[ResponseOps][TaskManager] followups from resource based scheduling PR (#192124)

Towards https://github.com/elastic/kibana/issues/190095, https://github.com/elastic/kibana/issues/192183, https://github.com/elastic/kibana/issues/192185 ## Summary This PR updates the following: - heap-to-capacity converter to take into account larger amounts of RAM, updated this to be 16GB - initial`maxAllowedCost` to be the default capacity of 10 - adds `xpack.alerting.maxScheduledPerMinute`, `xpack.discovery.active_nodes_lookback`, `xpack.discovery.interval` configs to docker - updates the TM docs for `xpack.task_manager.capacity` --------- Co-authored-by: Lisa Cawley <lcawley@elastic.co>
2025-04-24 01:38:56 -04:00 · 2024-09-12 11:42:33 -07:00 · 2024-09-12 11:42:33 -07:00 · 850cdf0275
commit 850cdf0275
parent 4254adbbec
10 changed files with 28 additions and 23 deletions
--- a/docs/settings/task-manager-settings.asciidoc
+++ b/docs/settings/task-manager-settings.asciidoc
@ -23,6 +23,7 @@ How often, in milliseconds, the task manager will look for more work.  Defaults
 How many requests can Task Manager buffer before it rejects new requests.  Defaults to 1000.

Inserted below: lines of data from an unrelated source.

(* For every integer $n\ge 0$, $$\Phi^{(4)}[aq^n; b; c, c'; x, y] = \sum_{k=0}^n \sum_{i=0}^k \begin{bmatrix} n \\ k \end{bmatrix} \begin{bmatrix} k \\ i \end{bmatrix} \frac{(b; q)_k}{(c; q)_{k-i} (c'; q)_i} q^{2\binom{k}{2}} a^k x^{k-i} y^i\, \Phi^{(4)}[aq^k; bq^k; cq^{k-i}, c'q^i; xq^i, y]$$ and $$\Phi^{(4)}[aq^{-n}; b; c, c'; x, y] = \sum_{k=0}^n \sum_{i=0}^k \begin{bmatrix} n \\ k \end{bmatrix} \begin{bmatrix} k \\ i \end{bmatrix} \frac{(b; q)_k}{(c; q)_{k-i} (c'; q)_i} q^{\binom{k}{2} - nk} (-a)^k x^{k-i} y^i\, \Phi^{(4)}[a; bq^k; cq^{k-i}, c'q^i; xq^i, y].$$
   Context: Let $q$ be a complex number with $0<|q|<1$. For complex $z$ and integer $m\ge 0$, $(z;q)_m=\prod_{j=0}^{m-1}(1-zq^j)$, with $(z;q)_0=1$. For integers $0\le k\le n$, $\begin{bmatrix} n \\ k \end{bmatrix}=\frac{(q;q)_n}{(q;q)_k(q;q)_{n-k}}$ is the $q$-binomial coefficient. The $q$-Appell function $\Phi^{(4)}$ is $$\Phi^{(4)}[a; b; c, c'; x, y] = \sum_{m, n \geq 0} \frac{(a; q)_{m+n} (b; q)_{m+n}}{(q; q)_m (q; q)_n (c; q)_m (c'; q)_n} x^m y^n.$$ Identities are understood as identities of power series in $x,y$ (formal, or convergent for small $|x|,|y|$), with complex parameters chosen so that no denominator occurring vanishes. *)

theory Defs
  imports Complex_Main "HOL-Computational_Algebra.Formal_Power_Series"
begin

definition qpoch :: "complex \<Rightarrow> complex \<Rightarrow> nat \<Rightarrow> complex" where
  "qpoch z q m = (\<Prod>j<m. 1 - z * q ^ j)"

text \<open>Gaussian q-binomial coefficient [n choose k]_q (used for 0 \<le> k \<le> n).\<close>
definition qbinom :: "complex \<Rightarrow> nat \<Rightarrow> nat \<Rightarrow> complex" where
  "qbinom q n k = qpoch q q n / (qpoch q q k * qpoch q q (n - k))"

text \<open>Formal power series in two variables x, y: complex fps fps, where the
  outer variable is x and the inner variable is y.\<close>
abbreviation fpsX2 :: "complex fps fps" where "fpsX2 \<equiv> fps_X"
abbreviation fpsY2 :: "complex fps fps" where "fpsY2 \<equiv> fps_const fps_X"
abbreviation fpsC2 :: "complex \<Rightarrow> complex fps fps" where "fpsC2 z \<equiv> fps_const (fps_const z)"

text \<open>q-Appell function Phi^(4)[a; b; c, c'; u x, v y] as a formal power series
  in x, y (the scalars u, v realise substitutions such as x \<mapsto> x q^i):
  coefficient of x^m y^n is
  (a;q)_{m+n} (b;q)_{m+n} / ((q;q)_m (q;q)_n (c;q)_m (c';q)_n) u^m v^n.\<close>
definition Phi4 :: "complex \<Rightarrow> complex \<Rightarrow> complex \<Rightarrow> complex \<Rightarrow> complex \<Rightarrow> complex \<Rightarrow> complex \<Rightarrow> complex fps fps" where
  "Phi4 q a b c c' u v = Abs_fps (\<lambda>m. Abs_fps (\<lambda>n.
      qpoch a q (m + n) * qpoch b q (m + n)
      / (qpoch q q m * qpoch q q n * qpoch c q m * qpoch c' q n) * u ^ m * v ^ n))"

end

theory Submission
  imports Defs
begin

unbundle fps_syntax

text \<open>
  Compare coefficients of \<open>x^M y^N\<close> and put \<open>L = M + N\<close>. On the right-hand side the
  factors \<open>(b;q)\<close>, \<open>(c;q)\<close>, \<open>(c';q)\<close> of the shifted Appell functions combine with the
  prefactors into \<open>(b;q)_L / ((c;q)_M (c';q)_N)\<close>, and the inner sum over \<open>i\<close> collapses by
  the q-Vandermonde identity to the Gaussian binomial \<open>[L, k]\<close>. Both identities thereby
  reduce to expansions of a single q-Pochhammer symbol: \<open>(a q^n;q)_L\<close> in terms of the
  \<open>(a q^k;q)_(L-k)\<close>, and \<open>(a;q)_L\<close> in terms of the \<open>(a q^n;q)_(L-k)\<close>, with coefficients
  \<open>[n, k] (q;q)_k [L, k]\<close> times the stated weights. These follow by induction on \<open>n\<close> from
  the contiguous relation \<open>(zq;q)_m = (z;q)_m + z (1 - q^m) (zq;q)_(m-1)\<close> and the q-Pascal
  recurrences.
\<close>

lemma qpoch_0 [simp]: "qpoch z q 0 = 1"
  by (simp add: qpoch_def)

lemma qpoch_Suc: "qpoch z q (Suc m) = qpoch z q m * (1 - z * q ^ m)"
  by (simp add: qpoch_def)

lemma qpoch_add: "qpoch z q (m + k) = qpoch z q m * qpoch (z * q ^ m) q k"
  by (induction k) (simp_all add: qpoch_Suc power_add mult.assoc)

lemma qpoch_Suc_left: "qpoch z q (Suc m) = (1 - z) * qpoch (z * q) q m"
  using qpoch_add[of z q 1 m] by (simp add: qpoch_def)

lemma qpoch_contiguous:
  "qpoch (z * q) q m = qpoch z q m + z * (1 - q ^ m) * qpoch (z * q) q (m - 1)"
proof (cases m)
  case (Suc r)
  have "qpoch (z * q) q (Suc r) = qpoch (z * q) q r * (1 - z * q * q ^ r)"
    by (rule qpoch_Suc)
  moreover have "qpoch z q (Suc r) = (1 - z) * qpoch (z * q) q r"
    by (rule qpoch_Suc_left)
  ultimately show ?thesis
    using Suc by (simp add: algebra_simps)
qed simp

lemma qpoch_nonzero:
  assumes "\<And>j. z * q ^ j \<noteq> 1" shows "qpoch z q m \<noteq> 0"
  using assms by (simp add: qpoch_def)

lemma qpoch_shift_nonzero:
  assumes "\<And>m. qpoch z q m \<noteq> 0" shows "qpoch (z * q ^ l) q m \<noteq> 0"
  using assms[of "l + m"] by (simp add: qpoch_add)

lemma qpoch_q_nonzero:
  fixes q :: complex assumes "norm q < 1" shows "qpoch q q m \<noteq> 0"
proof -
  have "norm (q * q ^ j) < 1" for j
    using assms by (simp add: norm_mult norm_power power_less_one_iff flip: power_Suc)
  then have "q * q ^ j \<noteq> 1" for j
    by (metis norm_one order_less_irrefl)
  then show ?thesis
    by (rule qpoch_nonzero)
qed

definition qfalling :: "complex \<Rightarrow> nat \<Rightarrow> nat \<Rightarrow> complex" where
  "qfalling q n k = (\<Prod>j<k. 1 - q ^ (n - j))"

lemma qfalling_0 [simp]: "qfalling q n 0 = 1"
  by (simp add: qfalling_def)

lemma qfalling_Suc: "qfalling q n (Suc k) = qfalling q n k * (1 - q ^ (n - k))"
  by (simp add: qfalling_def)

lemma qfalling_eq_0: "n < k \<Longrightarrow> qfalling q n k = 0"
  unfolding qfalling_def by (rule prod_zero) (auto intro!: bexI[of _ n])

lemma qfalling_Suc_Suc: "qfalling q (Suc n) (Suc k) = (1 - q ^ Suc n) * qfalling q n k"
  unfolding qfalling_def prod.lessThan_Suc_shift by simp

lemma qpoch_eq_qfalling: "k \<le> n \<Longrightarrow> qpoch q q n = qpoch q q (n - k) * qfalling q n k"
proof (induction k)
  case (Suc k)
  then have "n - k = Suc (n - Suc k)"
    by simp
  with Suc show ?case
    by (simp add: qfalling_Suc qpoch_Suc algebra_simps)
qed simp

lemma qfalling_pascal:
  "qfalling q (Suc n) (Suc k)
     = q ^ Suc k * qfalling q n (Suc k) + (1 - q ^ Suc k) * qfalling q n k"
proof (cases "k \<le> n")
  case True
  then have split: "1 - q ^ Suc n = q ^ Suc k * (1 - q ^ (n - k)) + (1 - q ^ Suc k)"
    by (simp add: algebra_simps flip: power_add)
  show ?thesis
    unfolding qfalling_Suc_Suc qfalling_Suc[of q n k] split by (simp add: algebra_simps)
qed (simp add: qfalling_Suc_Suc qfalling_eq_0)

lemma qfalling_pascal':
  "qfalling q (Suc n) (Suc k)
     = qfalling q n (Suc k) + q ^ (n - k) * (1 - q ^ Suc k) * qfalling q n k"
proof (cases "k \<le> n")
  case True
  then have split: "1 - q ^ Suc n = (1 - q ^ (n - k)) + q ^ (n - k) * (1 - q ^ Suc k)"
    by (simp add: algebra_simps flip: power_add)
  show ?thesis
    unfolding qfalling_Suc_Suc qfalling_Suc[of q n k] split by (simp add: algebra_simps)
qed (simp add: qfalling_Suc_Suc qfalling_eq_0)

lemma sum_qfalling_pascal:
  "(\<Sum>k\<le>Suc n. qfalling q (Suc n) k * T k)
     = (\<Sum>k\<le>n. qfalling q n k * (q ^ k * T k + (1 - q ^ Suc k) * T (Suc k)))"
proof -
  have "(\<Sum>k\<le>Suc n. qfalling q (Suc n) k * T k)
      = T 0 + (\<Sum>k\<le>n. q ^ Suc k * qfalling q n (Suc k) * T (Suc k))
            + (\<Sum>k\<le>n. (1 - q ^ Suc k) * qfalling q n k * T (Suc k))"
    by (simp only: sum.atMost_Suc_shift qfalling_pascal)
      (simp add: sum.distrib[symmetric] algebra_simps)
  also have "T 0 + (\<Sum>k\<le>n. q ^ Suc k * qfalling q n (Suc k) * T (Suc k))
      = (\<Sum>k\<le>Suc n. q ^ k * qfalling q n k * T k)"
    by (simp only: sum.atMost_Suc_shift) simp
  also have "\<dots> = (\<Sum>k\<le>n. q ^ k * qfalling q n k * T k)"
    by (simp add: qfalling_eq_0)
  finally show ?thesis
    by (simp only: sum.distrib[symmetric] distrib_left mult_ac)
qed

lemma sum_qfalling_pascal':
  "(\<Sum>k\<le>Suc n. qfalling q (Suc n) k * T k)
     = (\<Sum>k\<le>n. qfalling q n k * (T k + q ^ (n - k) * (1 - q ^ Suc k) * T (Suc k)))"
proof -
  have "(\<Sum>k\<le>Suc n. qfalling q (Suc n) k * T k)
      = T 0 + (\<Sum>k\<le>n. qfalling q n (Suc k) * T (Suc k))
            + (\<Sum>k\<le>n. q ^ (n - k) * (1 - q ^ Suc k) * qfalling q n k * T (Suc k))"
    by (simp only: sum.atMost_Suc_shift qfalling_pascal')
      (simp add: sum.distrib[symmetric] algebra_simps)
  also have "T 0 + (\<Sum>k\<le>n. qfalling q n (Suc k) * T (Suc k)) = (\<Sum>k\<le>Suc n. qfalling q n k * T k)"
    by (simp only: sum.atMost_Suc_shift) simp
  also have "\<dots> = (\<Sum>k\<le>n. qfalling q n k * T k)"
    by (simp add: qfalling_eq_0)
  finally show ?thesis
    by (simp only: sum.distrib[symmetric] distrib_left mult_ac)
qed

text \<open>Unlike \<open>qbinom\<close>, whose \<open>n - k\<close> truncates, this Gaussian binomial vanishes for \<open>k > n\<close>.\<close>

definition qchoose :: "complex \<Rightarrow> nat \<Rightarrow> nat \<Rightarrow> complex" where
  "qchoose q n k = qfalling q n k / qpoch q q k"

lemma qchoose_0 [simp]: "qchoose q n 0 = 1"
  by (simp add: qchoose_def)

lemma qchoose_eq_0: "n < k \<Longrightarrow> qchoose q n k = 0"
  by (simp add: qchoose_def qfalling_eq_0)

lemma qchoose_eq_qbinom:
  assumes "\<And>m. qpoch q q m \<noteq> 0" and "k \<le> n"
  shows "qchoose q n k = qbinom q n k"
  using qpoch_eq_qfalling[OF assms(2)] assms(1)[of "n - k"]
  by (simp add: qchoose_def qbinom_def)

 `xpack.task_manager.max_workers`::
+deprecated:[8.16.0]
 The maximum number of tasks that this Kibana instance will run simultaneously.  Defaults to 10.
 Starting in 8.0, it will not be possible to set the value greater than 100.

@ -48,6 +49,9 @@ Enables event loop delay monitoring, which will log a warning when a task causes
 `xpack.task_manager.event_loop_delay.warn_threshold`::
 Sets the amount of event loop delay during a task execution which will cause a warning to be logged. Defaults to 5000 milliseconds (5 seconds).

+`xpack.task_manager.capacity`::
+Controls the number of tasks that can be run at one time. The minimum value is 5 and the maximum is 50. Defaults to 10.
+
 [float]
 [[task-manager-health-settings]]
 ==== Task Manager Health settings
--- a/docs/user/alerting/alerting-troubleshooting.asciidoc
+++ b/docs/user/alerting/alerting-troubleshooting.asciidoc
@ -197,7 +197,7 @@ If cluster performance becomes degraded from excessive or expensive rules and {k

 [source,txt]
 --------------------------------------------------
-xpack.task_manager.max_workers: 1
+xpack.task_manager.capacity: 5
 xpack.task_manager.poll_interval: 1h
 --------------------------------------------------

--- a/docs/user/production-considerations/index.asciidoc
+++ b/docs/user/production-considerations/index.asciidoc
@ -2,6 +2,6 @@ include::production.asciidoc[]
 include::security-production-considerations.asciidoc[]
 include::alerting-production-considerations.asciidoc[]
 include::reporting-production-considerations.asciidoc[]
-include::task-manager-production-considerations.asciidoc[]
+include::task-manager-production-considerations.asciidoc[leveloffset=+1]
 include::task-manager-health-monitoring.asciidoc[]
 include::task-manager-troubleshooting.asciidoc[]
--- a/docs/user/production-considerations/task-manager-production-considerations.asciidoc
+++ b/docs/user/production-considerations/task-manager-production-considerations.asciidoc
@ -1,6 +1,5 @@
-[role="xpack"]
 [[task-manager-production-considerations]]
-== Task Manager
+= Task Manager

 {kib} Task Manager is leveraged by features such as Alerting, Actions, and Reporting to run mission critical work as persistent background tasks.
 These background tasks distribute work across multiple {kib} instances.
@ -21,7 +20,7 @@ If you lose this index, all scheduled alerts and actions are lost.

 [float]
 [[task-manager-background-tasks]]
-=== Running background tasks
+== Running background tasks

 {kib} background tasks are managed as follows:

@ -47,13 +46,13 @@ For detailed troubleshooting guidance, see <<task-manager-troubleshooting>>.
 ==============================================

 [float]
-=== Deployment considerations
+== Deployment considerations

 {es} and {kib} instances use the system clock to determine the current time. To ensure schedules are triggered when expected, synchronize the clocks of all nodes in the cluster using a time service such as http://www.ntp.org/[Network Time Protocol].

 [float]
 [[task-manager-scaling-guidance]]
-=== Scaling guidance
+== Scaling guidance

 How you deploy {kib} largely depends on your use case. Predicting the throughout a deployment might require to support Task Management is difficult because features can schedule an unpredictable number of tasks at a variety of scheduled cadences.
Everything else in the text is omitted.